WitchyKitty - I'm so glad you liked everything! Ghouliet is all the talent though. I can't take credit for that. I have 0 patience for sewing and yarn craft. I hope things improve with your health and you have an amazing Halloween.


----------



## hallorenescene (Dec 28, 2007)

Witchy kitty. What a fun reap. And did you catch the note ghouilet posted to me for suggestions for your cards


----------



## hallorenescene (Dec 28, 2007)

Saki. That is an intense insense burner


----------



## WitchyKitty (Sep 20, 2012)

Lil Ghouliette said:


> WitchyKitty - I'm so glad you liked everything! Ghouliet is all the talent though. I can't take credit for that. I have 0 patience for sewing and yarn craft. I hope things improve with your health and you have an amazing Halloween.


Thank you, I really do like everything!! Lol, I am good at lots of crafty things, but I am not one for sewing or crocheting, either, lol. I can hand sew decently enough, but was never good at figuring out a sewing machine. This is why I was so happy to have you guys send me my tree skirt that I needed so badly, lol! I really didn't feel like trying to do that by hand...nor would I be able to as neatly! Crocheting...nope. I can't do that. Tried. Failed. Gave up, lol. 

Thank you for the well wishes for my health. There are decent spells and then rough spells. I'm hoping to get back to a decent spell sometime, soon...especially with my favorite time of year getting here!!!  Thanks to you and Ghouliet, I have all these new things to play with to make my Halloween that much more amazing! I hope you all get an amazing reap for a Happy Halloween, too!!



hallorenescene said:


> Witchy kitty. What a fun reap. And did you catch the note ghouilet posted to me for suggestions for your cards


I did, lol. I was already planning on doing something along the same lines as her suggestions. Framing, maybe. I am working on it, now. We will see what I come up with!


----------



## Tannasgach (Nov 1, 2009)

WitchyKitty, what a fun reap(s)! You take care of yourself now, don't overdo it. You did a fantastic job posting pics and keeping us informed as your reap progressed. 

Ghouliet, we all recognized your artistry as soon as we saw the placemats. I knew something else would be coming and sure enough, you saved the best for last - that tree skirt is fabulous!
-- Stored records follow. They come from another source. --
lemma nn_integral_count_space_total_fibre_volume:
  fixes L :: "real^'m^'r" and S :: "'i \<Rightarrow> (real^'m) set"
  assumes I: "countable I" and S[measurable]: "\<And>n. n \<in> I \<Longrightarrow> S n \<in> sets borel"
  shows "(\<integral>\<^sup>+n. total_fibre_volume L (S n) \<partial>count_space I)
    = (\<integral>\<^sup>+k. \<integral>\<^sup>+t. \<integral>\<^sup>+n. indicator (S n) (some_preimage L k + onb_param (kerR L) t) \<partial>count_space I
         \<partial>onb_param_space (kerR L) \<partial>count_space int_vecs)"
proof -
  have "(\<integral>\<^sup>+n. total_fibre_volume L (S n) \<partial>count_space I)
      = (\<integral>\<^sup>+k. \<integral>\<^sup>+n. fibre_volume L (S n) k \<partial>count_space I \<partial>count_space int_vecs)"
    unfolding total_fibre_volume_def
    by (rule nn_integral_count_space_nn_integral[OF I, symmetric]) simp
  also have "\<dots> = (\<integral>\<^sup>+k. \<integral>\<^sup>+t. \<integral>\<^sup>+n. indicator (S n) (some_preimage L k + onb_param (kerR L) t)
      \<partial>count_space I \<partial>onb_param_space (kerR L) \<partial>count_space int_vecs)"
    unfolding fibre_volume_def
    by (intro nn_integral_cong nn_integral_count_space_nn_integral[OF I, symmetric]) measurable
  finally show ?thesis .
qed

lemma total_fibre_volume_torus_preimage:
  fixes L :: "real^'m^'r"
  assumes L_int: "\<forall>i j. L$i$j \<in> \<int>" and L_rank: "rank L = CARD('r)"
    and A[measurable]: "A \<in> sets borel" and A_cube: "A \<subseteq> unit_cube"
    and x: "L *v x \<in> int_vecs"
  shows "total_fibre_volume L {y \<in> unit_cube. torus_add x y \<in> A} = total_fibre_volume L A"
proof -
  define S where "S n = {y \<in> unit_cube. x + y - n \<in> A}" for n
  define T where "T n = {z \<in> A. z - x + n \<in> unit_cube}" for n
  have S_borel: "S n \<in> sets borel" and T_borel: "T n \<in> sets borel" for n
    unfolding S_def T_def by measurable
  have S_sum: "(\<integral>\<^sup>+n. indicator (S n) y \<partial>count_space int_vecs) = indicator {y \<in> unit_cube. torus_add x y \<in> A} y" for y
  proof -
    have "(\<integral>\<^sup>+n. indicator (S n) y \<partial>count_space int_vecs)
        = (\<integral>\<^sup>+n. indicator unit_cube y * indicator A (x + y - n) \<partial>count_space int_vecs)"
      by (intro nn_integral_cong) (simp add: S_def split: split_indicator)
    also have "\<dots> = indicator unit_cube y * (\<integral>\<^sup>+n. indicator A (x + y - n) \<partial>count_space int_vecs)"
      by (rule nn_integral_cmult) simp
    finally show ?thesis
      by (simp add: indicator_torus_add_eq_nn_integral[OF A_cube, symmetric] split: split_indicator)
  qed
  have T_sum: "(\<integral>\<^sup>+n. indicator (T n) z \<partial>count_space int_vecs) = (indicator A z :: ennreal)" for z
  proof -
    have "(\<integral>\<^sup>+n. indicator (T n) z \<partial>count_space int_vecs)
        = (\<integral>\<^sup>+n. indicator unit_cube (z - x + n) * indicator A z \<partial>count_space int_vecs)"
      by (intro nn_integral_cong) (simp add: T_def split: split_indicator)
    also have "\<dots> = (\<integral>\<^sup>+n. indicator unit_cube (z - x + n) \<partial>count_space int_vecs) * indicator A z"
      by (rule nn_integral_multc) simp
    finally show ?thesis by (simp only: nn_integral_unit_cube_translates mult_1)
  qed
  have "total_fibre_volume L {y \<in> unit_cube. torus_add x y \<in> A}
      = (\<integral>\<^sup>+n. total_fibre_volume L (S n) \<partial>count_space int_vecs)"
    unfolding nn_integral_count_space_total_fibre_volume[OF countable_int_vecs S_borel] S_sum
    unfolding total_fibre_volume_def fibre_volume_def ..
  also have "\<dots> = (\<integral>\<^sup>+n. total_fibre_volume L (T n) \<partial>count_space int_vecs)"
  proof (rule nn_integral_cong)
    fix n assume "n \<in> space (count_space (int_vecs :: (real^'m) set))"
    then have "L *v n \<in> int_vecs" using integer_matrix_vector_mult_int_vecs[OF L_int] by simp
    then have "L *v (x - n) \<in> int_vecs" using x by (simp add: matrix_vector_mult_diff_distrib int_vecs_diff)
    moreover have "S n = (\<lambda>y. y + (x - n)) -` T n" by (auto simp: S_def T_def algebra_simps)
    ultimately show "total_fibre_volume L (S n) = total_fibre_volume L (T n)"
      using total_fibre_volume_translate[OF L_rank T_borel] by simp
  qed
  also have "\<dots> = total_fibre_volume L A"
    unfolding nn_integral_count_space_total_fibre_volume[OF countable_int_vecs T_borel] T_sum
    unfolding total_fibre_volume_def fibre_volume_def ..
  finally show ?thesis .
qed

lemma emeasure_haar_kerT_torus_preimage:
  fixes L :: "real^'m^'r"
  assumes L_int: "\<forall>i j. L$i$j \<in> \<int>" and haar: "haar_kerT L \<mu>"
    and y: "y \<in> kerT L" and A: "A \<in> sets borel" and A_ker: "A \<subseteq> kerT L"
  shows "emeasure \<mu> {x \<in> kerT L. torus_add x y \<in> A} = emeasure \<mu> A"
proof -
  define S where "S = {x \<in> kerT L. torus_add x y \<in> A}"
  have sets_\<mu>: "sets \<mu> = sets (restrict_space borel (kerT L))" using haar by (simp add: haar_kerT_def)
  have "(\<lambda>x. torus_add x y) -` A \<in> sets borel"
    by (rule measurable_sets_borel[OF _ A]) measurable
  moreover have "S = kerT L \<inter> (\<lambda>x. torus_add x y) -` A" unfolding S_def by auto
  ultimately have S: "S \<in> sets \<mu>" unfolding sets_\<mu> sets_restrict_space by blast
  have "torus_add y ` S = A"
  proof
    show "torus_add y ` S \<subseteq> A"
    proof
      fix z assume "z \<in> torus_add y ` S"
      then obtain b where "b \<in> S" "z = torus_add y b" by blast
      then show "z \<in> A" unfolding S_def using torus_add_commute[of y b] by simp
    qed
  next
    show "A \<subseteq> torus_add y ` S"
    proof
      fix a assume a: "a \<in> A"
      define m where "m = floor_vec (a - y)"
      define b where "b = torus_add (- y) a"
      have b_eq: "b = (a - y) - m" unfolding b_def m_def torus_add_eq by simp
      have "b \<in> unit_cube" unfolding b_eq m_def using diff_in_unit_cube_iff[OF floor_vec_in_int_vecs] by blast
      moreover have "L *v b \<in> int_vecs"
      proof -
        have "L *v a \<in> int_vecs" "L *v y \<in> int_vecs" using a A_ker y by (auto simp: kerT_def)
        moreover have "L *v m \<in> int_vecs"
          unfolding m_def by (rule integer_matrix_vector_mult_int_vecs[OF L_int floor_vec_in_int_vecs])
        ultimately show ?thesis unfolding b_eq by (simp add: matrix_vector_mult_diff_distrib int_vecs_diff)
      qed
      ultimately have b_ker: "b \<in> kerT L" by (simp add: kerT_def)
      have "(a - m) - (- m) \<in> unit_cube" using a A_ker by (auto simp: kerT_def)
      then have floor_eq: "- m = floor_vec (a - m)"
        using diff_in_unit_cube_iff[OF int_vecs_uminus[OF floor_vec_in_int_vecs]] unfolding m_def by blast
      have "y + b = a - m" unfolding b_eq by simp
      then have b_a: "torus_add y b = a" unfolding torus_add_eq using floor_eq[symmetric] by simp
      then have "b \<in> S" unfolding S_def using a b_ker torus_add_commute[of b y] by simp
      then show "a \<in> torus_add y ` S" using b_a by blast
    qed
  qed
  moreover have "emeasure \<mu> (torus_add y ` S) = emeasure \<mu> S"
    using haar y S by (simp add: haar_kerT_def)
  ultimately show ?thesis unfolding S_def by simp
qed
Amazing reap you two and super fun to watch unfold.

Saki - smoke from the dragon's mouth - sweet!


----------



## a_granger (Oct 21, 2012)

My apologies, I was gone for the weekend and am just now getting to photos. Reaper I am soooo happy with your wonderful gifts. I can't wait to get things all set for Ominous Acquisitions to show off my fun new props. So now the photos...








The letters are just so clever and the one on the right describing all of the objects and the supernatural power surounding them is just so great I plan to keep them and create an expedition journal to add to the lot.







I can't thank you enought for this sign. It's AWESOME, I just love it. The party using all of these items isn't till next year but The sign is going to be up this year, I can't help myself!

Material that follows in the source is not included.